◆ AIM OF THE EXERCISE: If a line in the data holds "ultimately", copy that line out in full.
-------- DATA EXTRACT --------
lemma riccati_pair_step:
  assumes ab: "riccati_pair n a b x" and x: "x \<noteq> 0" and b: "1 - (b x)^2 \<noteq> 0"
  shows "riccati_pair (n + 1) b (\<lambda>t. 2 * (n + 1) / t * b t / (1 - (b t)^2) - a t) x"
proof -
  define c where "c = 2 * (n + 1) / x * b x / (1 - (b x)^2) - a x"
  define e where "e = 1 - (b x)^2"
  have a': "(a has_real_derivative - (1 - (a x)^2) * b x + n * a x / x) (at x)"
    and b': "(b has_real_derivative (1 - (b x)^2) * a x - (n + 1) * b x / x) (at x)"
    using ab unfolding riccati_pair_def by auto
  have "(1 - (b x)^2) * a x - (n + 1) * b x / x = - (1 - (b x)^2) * c + (n + 1) * b x / x"
    using x b unfolding c_def by (simp add: field_simps)
  with b' have "(b has_real_derivative - (1 - (b x)^2) * c + (n + 1) * b x / x) (at x)"
    by simp
  moreover have "((\<lambda>t. 2 * (n + 1) / t * b t / (1 - (b t)^2) - a t) has_real_derivative
      (1 - c^2) * b x - (n + 1 + 1) * c / x) (at x)"
    using x b
    apply (auto intro!: derivative_eq_intros a' b')
    unfolding c_def e_def[symmetric] using x b[folded e_def]
    apply (simp add: field_simps)
    unfolding e_def apply algebra
    done
  ultimately show ?thesis
    unfolding riccati_pair_def c_def[symmetric] by simp
qed

definition phi_regular :: "nat \<Rightarrow> real set" where
  "phi_regular n = {x. 0 < x \<and> (\<forall>j. 1 \<le> j \<and> j \<le> n \<longrightarrow> 1 - (phi x j)^2 \<noteq> 0)}"

lemma riccati_pair_phi:
  "x \<in> phi_regular n \<Longrightarrow> riccati_pair (real n) (\<lambda>t. phi t n) (\<lambda>t. phi t (Suc n)) x"
proof (induction n)
  case 0
  then show ?case
    using has_real_derivative_phi_1 unfolding riccati_pair_def phi_regular_def by auto
next
  case (Suc n)
  then have x: "0 < x" "x \<in> phi_regular n" "1 - (phi x (Suc n))^2 \<noteq> 0"
    unfolding phi_regular_def by auto
  have "(\<lambda>t. phi t (Suc (Suc n))) =
      (\<lambda>t. 2 * (real n + 1) / t * phi t (Suc n) / (1 - (phi t (Suc n))^2) - phi t n)"
    by (simp add: fun_eq_iff)
  with riccati_pair_step[OF Suc.IH[OF x(2)] _ x(3)] x(1) show ?case
    by (simp add: add.commute)
qed

lemma continuous_on_phi_regular:
  "continuous_on (phi_regular n) (\<lambda>t. phi t n)"
  "continuous_on (phi_regular n) (\<lambda>t. phi t (Suc n))"
  using riccati_pair_phi[of _ n]
  by (auto simp: riccati_pair_def intro!: continuous_at_imp_continuous_on DERIV_isCont)

lemma open_phi_regular: "open (phi_regular n)"
proof (induction n)
  case 0
  have "phi_regular 0 = {0<..}" by (auto simp: phi_regular_def)
  then show ?case by simp
next
  case (Suc n)
  have "phi_regular (Suc n) = phi_regular n \<inter> (\<lambda>t. 1 - (phi t (Suc n))^2) -` (- {0})"
    by (auto simp: phi_regular_def le_Suc_eq)
  moreover have "continuous_on (phi_regular n) (\<lambda>t. 1 - (phi t (Suc n))^2)"
    by (intro continuous_intros continuous_on_phi_regular)
  ultimately show ?case
    using continuous_open_preimage[OF _ Suc.IH open_Compl[OF closed_singleton]] by simp
qed

lemma riccati_pair_ratio:
  fixes a b :: "real \<Rightarrow> real" and l x :: real
  defines "q \<equiv> \<lambda>t. 1 - (a t)^2" and "y \<equiv> \<lambda>t. b t / a t"
  assumes ab: "riccati_pair l a b x" and a: "a x \<noteq> 0" and x: "x \<noteq> 0"
  shows "(q has_real_derivative 2 * (1 - q x) * (q x * y x - l / x)) (at x)"
    and "(y has_real_derivative 1 + (2 * q x - 1) * (y x)^2 - (2 * l + 1) * y x / x) (at x)"
proof -
  have a': "(a has_real_derivative - (1 - (a x)^2) * b x + l * a x / x) (at x)"
    and b': "(b has_real_derivative (1 - (b x)^2) * a x - (l + 1) * b x / x) (at x)"
    using ab unfolding riccati_pair_def by auto
  show "(q has_real_derivative 2 * (1 - q x) * (q x * y x - l / x)) (at x)"
    unfolding q_def y_def using a
    by (auto intro!: derivative_eq_intros a' simp: field_simps power2_eq_square)
  show "(y has_real_derivative 1 + (2 * q x - 1) * (y x)^2 - (2 * l + 1) * y x / x) (at x)"
    unfolding q_def y_def using a x
    by (auto intro!: derivative_eq_intros a' b' simp: field_simps power2_eq_square)
qed

section \<open>From the Riccati system to Painleve V\<close>

(* P_V for g(s) = 1 - 2 / R(sqrt s), written as an equation for R in the variable x = sqrt s. *)
definition painleve5_R :: "real \<Rightarrow> (real \<Rightarrow> real) \<Rightarrow> real \<Rightarrow> bool" where
  "painleve5_R l R x \<longleftrightarrow>
     R x * (R x - 2) * deriv (deriv R) x =
       (R x - 1) * (deriv R x)^2 - R x * (R x - 2) * deriv R x / x
       + 4 * ((R x - 2)^2 - l^2 * (R x)^2) / x^2 + (R x)^2 * (R x - 2)^2"

definition painleve5 :: "real \<Rightarrow> (real \<Rightarrow> real) \<Rightarrow> real \<Rightarrow> bool" where
  "painleve5 l g s \<longleftrightarrow>
     deriv (deriv g) s =
       (3 * g s - 1) / (2 * g s * (g s - 1)) * (deriv g s)^2 - deriv g s / s
       + (g s - 1)^2 / (2 * s^2) * (g s - l^2 / g s) + g s / (2 * s)"

lemma riccati_system_R_eq:
  assumes "t \<noteq> 0"
    and "(y has_real_derivative 1 + (2 * q t - 1) * (y t)^2 - (2 * l + 1) * y t / t) (at t)"
  shows "deriv y t + (y t)^2 + (1 - 2 * l) * y t / t + 1 = 2 + 2 * q t * (y t)^2 - 4 * l * y t / t"
  using assms by (simp add: DERIV_imp_deriv field_simps power2_eq_square)

lemma painleve5_R_of_riccati_system:
  fixes q y R :: "real \<Rightarrow> real" and l x :: real
  assumes S: "open S" "0 \<notin> S" "x \<in> S"
    and q': "\<And>t. t \<in> S \<Longrightarrow> (q has_real_derivative 2 * (1 - q t) * (q t * y t - l / t)) (at t)"
    and y': "\<And>t. t \<in> S \<Longrightarrow>
               (y has_real_derivative 1 + (2 * q t - 1) * (y t)^2 - (2 * l + 1) * y t / t) (at t)"
    and R: "\<And>t. t \<in> S \<Longrightarrow> R t = deriv y t + (y t)^2 + (1 - 2 * l) * y t / t + 1"
  shows "(R has_real_derivative deriv R x) (at x)"
    and "(deriv R has_real_derivative deriv (deriv R) x) (at x)"
    and "painleve5_R l R x"
proof -
  have nz: "t \<noteq> 0" if "t \<in> S" for t
    using that S(2) by auto
  define R1 where "R1 t = 4 * (q t)^2 * (y t)^3 - 4 * (3 * l + 1) * q t * (y t)^2 / t + 4 * q t * y t
      - 4 * l / t + 8 * l * (l + 1) * y t / t^2" for t
  have R_poly: "R t = 2 + 2 * q t * (y t)^2 - 4 * l * y t / t" if "t \<in> S" for t
    unfolding R[OF that] by (rule riccati_system_R_eq[OF nz y'] that)+
  have R1: "(R has_real_derivative R1 t) (at t)" if t: "t \<in> S" for t
  proof (rule has_field_derivative_transform_within_open[OF _ S(1) t])
    show "((\<lambda>t. 2 + 2 * q t * (y t)^2 - 4 * l * y t / t) has_real_derivative R1 t) (at t)"
      unfolding R1_def using nz[OF t]
      by (auto intro!: derivative_eq_intros q'[OF t] y'[OF t]
          simp: field_simps power2_eq_square power3_eq_cube)
  qed (use R_poly in simp)
  then have deriv_R: "deriv R t = R1 t" if "t \<in> S" for t
    using DERIV_imp_deriv that by blast
  show "(R has_real_derivative deriv R x) (at x)"
    using R1[OF S(3)] by (simp add: deriv_R S(3))
  define dq dy where "dq = 2 * (1 - q x) * (q x * y x - l / x)"
    and "dy = 1 + (2 * q x - 1) * (y x)^2 - (2 * l + 1) * y x / x"
  define R2 where "R2 = 8 * q x * dq * (y x)^3 + 12 * (q x)^2 * (y x)^2 * dy
      - 4 * (3 * l + 1) * (dq * (y x)^2 + 2 * q x * y x * dy) / x
      + 4 * (3 * l + 1) * q x * (y x)^2 / x^2 + 4 * (dq * y x + q x * dy)
      + 4 * l / x^2 + 8 * l * (l + 1) * (dy / x^2 - 2 * y x / x^3)"
  have "(R1 has_real_derivative R2) (at x)"
    unfolding R1_def[abs_def] R2_def dq_def dy_def using nz[OF S(3)]
    by (auto intro!: derivative_eq_intros q'[OF S(3)] y'[OF S(3)]
        simp: field_simps power2_eq_square power3_eq_cube)
  then have R2: "(deriv R has_real_derivative R2) (at x)"
    by (rule has_field_derivative_transform_within_open[OF _ S(1,3)]) (simp add: deriv_R)
  then show "(deriv R has_real_derivative deriv (deriv R) x) (at x)"
    by (simp add: DERIV_imp_deriv)
  show "painleve5_R l R x"
    unfolding painleve5_R_def DERIV_imp_deriv[OF R2] deriv_R[OF S(3)] R_poly[OF S(3)]
      R1_def R2_def dq_def dy_def using nz[OF S(3)]
    by (simp add: field_simps) algebra
qed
--------
◆ EXERCISE RESULT:
  ultimately show ?thesis
  ultimately show ?case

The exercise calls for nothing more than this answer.